UPDATE: If you have come here from Matt Flannagan’s blog, you should know that I have been cut off from it as a potential hacker and my second response to Flannagan is here.
Jerry Coyne has responded to a criticism by Matt Flannagan by citing a philosophical response by Jason Thibodeau.
The issue is the Euthyphro dilemma: does God create the good through His commands or does He command what is independently good? If we choose the former option, anything could be good. But it is not true that anything could be good, so a good God would command what is independently good.
Robert Merrihew Adams contended that morality is constituted by the commands of an essentially loving God. The Euthyphro dilemma collapses because an essentially loving God could not command just anything.
In his USAToday article, Coyne rehearses the Euthyphro dilemma but does not mention the Adams reformulation. This is odd. I had an e-mail correspondence with Coyne some months earlier in which I pointed out the Adams reformulation. Coyne should have taken time to rebut the reformulation. He did not.
Coyne’s failure to rebut Adams provides Flannagan with the opportunity to point out the Adams reformulation. Flannagan clearly wins the exchange.
Coyne believes that he has been rescued by Thibodeau. I think not.
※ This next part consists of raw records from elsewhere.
theorem mainTheorem2:
  fixes \<alpha> :: real
  assumes "0 < \<alpha>" and "\<alpha> < 1"
  shows "convex_on {1<..<1/\<alpha>} (\<lambda>\<beta>. 1 / speed \<alpha> \<beta>)
    \<and> (\<exists>\<beta>max \<in> {1<..<1/\<alpha>}.
          mono_on {1<..\<beta>max} (speed \<alpha>) \<and> antimono_on {\<beta>max..<1/\<alpha>} (speed \<alpha>))
    \<and> (speed \<alpha> \<longlongrightarrow> 0) (at_right 1)
    \<and> (speed \<alpha> \<longlongrightarrow> 0) (at_left (1/\<alpha>))"
proof -
  obtain k A B D E where coeffs: "0 < k" "0 < A" "0 < B" "0 \<le> D" "0 \<le> E" "D + E \<le> A"
    and eq: "\<And>\<beta>. \<beta> \<in> {1<..<1/\<alpha>} \<Longrightarrow> inv_speed \<alpha> \<beta> = pole_sum k A 1 B (1/\<alpha>) D \<alpha> E (\<alpha>^2) \<beta>"
    using inv_speed_pole_sum[OF assms] by metis
  have "convex_on {1<..<1/\<alpha>} (inv_speed \<alpha>) \<and> (\<forall>\<beta>\<in>{1<..<1/\<alpha>}. 0 < inv_speed \<alpha> \<beta>)
      \<and> filterlim (inv_speed \<alpha>) at_top (at_right 1) \<and> filterlim (inv_speed \<alpha>) at_top (at_left (1/\<alpha>))"
    using coeffs eq assms inv_speed_poles_ordered[OF assms]
    by (intro eq_pole_sum_imp_convex_coercive) auto
  then have "\<exists>m\<in>{1<..<1/\<alpha>}. mono_on {1<..m} (speed \<alpha>) \<and> antimono_on {m..<1/\<alpha>} (speed \<alpha>)"
      "(speed \<alpha> \<longlongrightarrow> 0) (at_right 1)" "(speed \<alpha> \<longlongrightarrow> 0) (at_left (1/\<alpha>))"
      "convex_on {1<..<1/\<alpha>} (\<lambda>\<beta>. 1 / speed \<alpha> \<beta>)"
    using reciprocal_convex_coercive_unimodal[of 1 "1/\<alpha>" "inv_speed \<alpha>"] inv_speed_poles_ordered[OF assms]
    by (simp_all add: speed_def[abs_def])
  then show ?thesis by blast
qed

end
lemma sigma_eq_sensitivity_of_input_pos:
  assumes "\<mu> > 0" "\<delta> > 0" "\<alpha> > 0"
  shows "sigma \<mu> \<alpha> \<delta> = sensitivity_of_input (\<mu> * \<delta>) (total_input (\<mu> * \<delta>) \<alpha>)"
proof -
  define \<beta> where "\<beta> = \<mu> * \<delta>"
  define x where "x = total_input \<beta> \<alpha>"
  have \<beta>: "\<beta> > 0"
    using assms by (simp add: \<beta>_def)
  have quad: "\<alpha> * x = (x - \<beta>) * (x + 1)"
    using total_input_quadratic[of \<beta> \<alpha>] \<beta> assms by (simp add: x_def)
  have "x \<noteq> \<beta>"
    using quad assms \<beta> by auto
  then have x: "x > \<beta>"
    using total_input_ge[OF \<beta> less_imp_le[OF assms(3)]] unfolding x_def[symmetric] by simp
  have "Delta \<mu> \<alpha> \<delta> = (1 + \<beta> - \<alpha>)\<^sup>2 + 4 * \<beta> * \<alpha>"
    by (simp add: Delta_def \<beta>_def algebra_simps)
  then have "sqrt (Delta \<mu> \<alpha> \<delta>) = 2 * x + 1 - \<beta> - \<alpha>"
    by (simp add: x_def total_input_def field_simps)
  then show ?thesis
    using sigma_closed_form[OF assms] sensitivity_of_input_eq_root_form[OF \<beta> x quad]
    by (simp add: \<beta>_def x_def)
qed

lemma sigma_eq_sensitivity_of_input_zero:
  assumes "\<mu> > 0" "\<delta> > 0"
  shows "sigma \<mu> 0 \<delta> = sensitivity_of_input (\<mu> * \<delta>) (total_input (\<mu> * \<delta>) 0)"
proof -
  define \<beta> where "\<beta> = \<mu> * \<delta>"
  have \<beta>: "\<beta> > 0"
    using assms by (simp add: \<beta>_def)
  have "1 + \<delta> * \<mu> \<noteq> 0"
    using assms by (simp add: add_pos_pos[THEN less_imp_neq, symmetric])
  then have "((\<lambda>m. a_inf m 0 \<delta>) has_real_derivative 1 / (1 + \<beta>)\<^sup>2) (at \<mu>)"
    unfolding a_inf_def \<beta>_def using assms
    by (auto intro!: derivative_eq_intros simp: field_simps power2_eq_square add_pos_pos)
  then have "sigma \<mu> 0 \<delta> = 1 / (1 + \<beta>)\<^sup>2"
    unfolding sigma_def by (rule DERIV_imp_deriv)
  also have "\<dots> = sensitivity_of_input \<beta> \<beta>"
  proof -
    have "(\<beta> + 1) * (\<beta>\<^sup>2 + \<beta>) = \<beta> * (1 + \<beta>)\<^sup>2"
      by (simp add: algebra_simps power2_eq_square)
    then show ?thesis
      using \<beta> by (simp add: sensitivity_of_input_def)
  qed
  also have "\<dots> = sensitivity_of_input \<beta> (total_input \<beta> 0)"
    using \<beta> by (simp add: total_input_def)
  finally show ?thesis
    by (simp add: \<beta>_def)
qed

lemma sigma_eq_sensitivity_of_input:
  assumes "\<mu> > 0" "\<delta> > 0" "\<alpha> \<ge> 0"
  shows "sigma \<mu> \<alpha> \<delta> = sensitivity_of_input (\<mu> * \<delta>) (total_input (\<mu> * \<delta>) \<alpha>)"
  using assms sigma_eq_sensitivity_of_input_pos sigma_eq_sensitivity_of_input_zero by (cases "\<alpha> = 0") auto

text \<open>The critical point of \<open>sensitivity_of_input \<beta>\<close> on \<open>(0, \<infinity>)\<close> solves \<open>crit_level x = \<beta>\<close>.\<close>

definition crit_level :: "real \<Rightarrow> real" where
  "crit_level t = t\<^sup>2 * (2 * t + 1)"

definition crit_input :: "real \<Rightarrow> real" where
  "crit_input \<beta> = (THE t. t > 0 \<and> crit_level t = \<beta>)"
To repeat, Adam’s reformulated divine command theory is that morality is constituted by the commands of an essentially loving God. Now, if E (for “entity”) essentially possesses P (for “property”), then E possesses P in all possible worlds in which E exists. So, by hypothesis, God is loving in every world in which He exists. God is not just contingently loving, that is, loving in at least one possible world in which He exists.
On the basis of an analogy, Thibodeau claims that “we may know with certainty that an all-loving being will not issue a command to torture children, but, given that he is omnipotent, it remains the case that he can issue such a command.” The analogy is to someone who will not but who could jump from the Empire State Building. The analogy is irrelevant because the possible jumper is only a contingent jumper. For the parallel to hold, it must be possible for an essentially non-jumping person to jump. Thus, Thibodeau equivocates between an essentially loving being and a contingently loving being. Thibodeau has a second objection that also fails: it begs the question in that it presupposes that a non-loving being can create morality.
So, Thibodeau does not save Coyne and Flannagan still comes out on top. The Euthyphro objection can no longer be regarded as decisively refuting the divine command theory. Of course, the fact that the divine command theory has not been decisively refuted does not entail that it is true.
At this point, Flannagan makes an appeal to the best explanation: the best explanation for morality is that it has been constituted by the commands of an essentially loving God. Hence, in Flannagan’s eyes, morality constitutes evidence for the existence of an essentially loving God.
Now, purported adaptationist evolutionary accounts of morality do not explain the existence of morality itself but the existence of our belief in morality. They do not explain it so much as explain it away. They do not satisfy people who want morality to be real and not merely an ineliminable delusion. Furthermore, they cannot explain why anyone would care about the fate of outsiders. Some variants declare such caring to be simply a mistake. The same variants are unscientific in that they thereby dismiss disconfirming evidence in order to avoid falsification.
The upshot is that, in this exchange, Flannagan beats Coyne and Thibodeau.
But it does not follow that the God hypothesis is the best explanation for morality. Absolutely not. The following paragraph was posted earlier as “The ‘Evidence’ for God.”
If someone purported to explain an observable phenomenon by postulating an unobservable entity that created and sustained the phenomenon but did nothing else, the “explanation” would be question-begging and therefore vacuous. It would tell us no more than that the phenomenon existed and persisted, effectively repeating the original claim in different words. Using the same unobservable entity to “explain” a larger number, a greater range, or different aspects of, observable phenomena would do nothing to improve it as an explanation. If it fails with respect to small matters, it fails with respect to great ones as well. Hypothesizing that the unobservable entity existed necessarily would not improve it as an explanation either. The ultimate destiny of such an entity is to become the traditional God of theism, the ad hoc hypothesis than which no greater can be conceived. Therefore, no observable phenomenon constitutes evidence for God.
Not only is God, in principle, an inadequate explanation for anything, but also there is a better explanation for morality, an explanation that I have set out in my book, Evolutionary Intuitionism: A Theory of the Origin and Nature of Moral Facts. (If you do not want to read the book, you can look at the summary on my website – but note that the summary is not a substitute for the book and that I am in the process of revising it.) My work has not received a great deal of attention. Maybe I am wrong. However, you cannot have a rational discussion of the issues if you ignore some of the possibilities, so my work does deserve to be part of the mix of views to be considered.
Be that as it may, evolutionary intuitionism is a better explanation for morality than God is. For one thing, it does not violate Occam’s Razor by postulating a new kind of entity. For another, it is testable. And, it passes the tests. (It is scientific in that it has empirical implications that are confirmed by observation.) Since evolutionary intuitionism is a better explanation for morality than God is, God is obviously not the best explanation for morality. Therefore, morality is not evidence for God.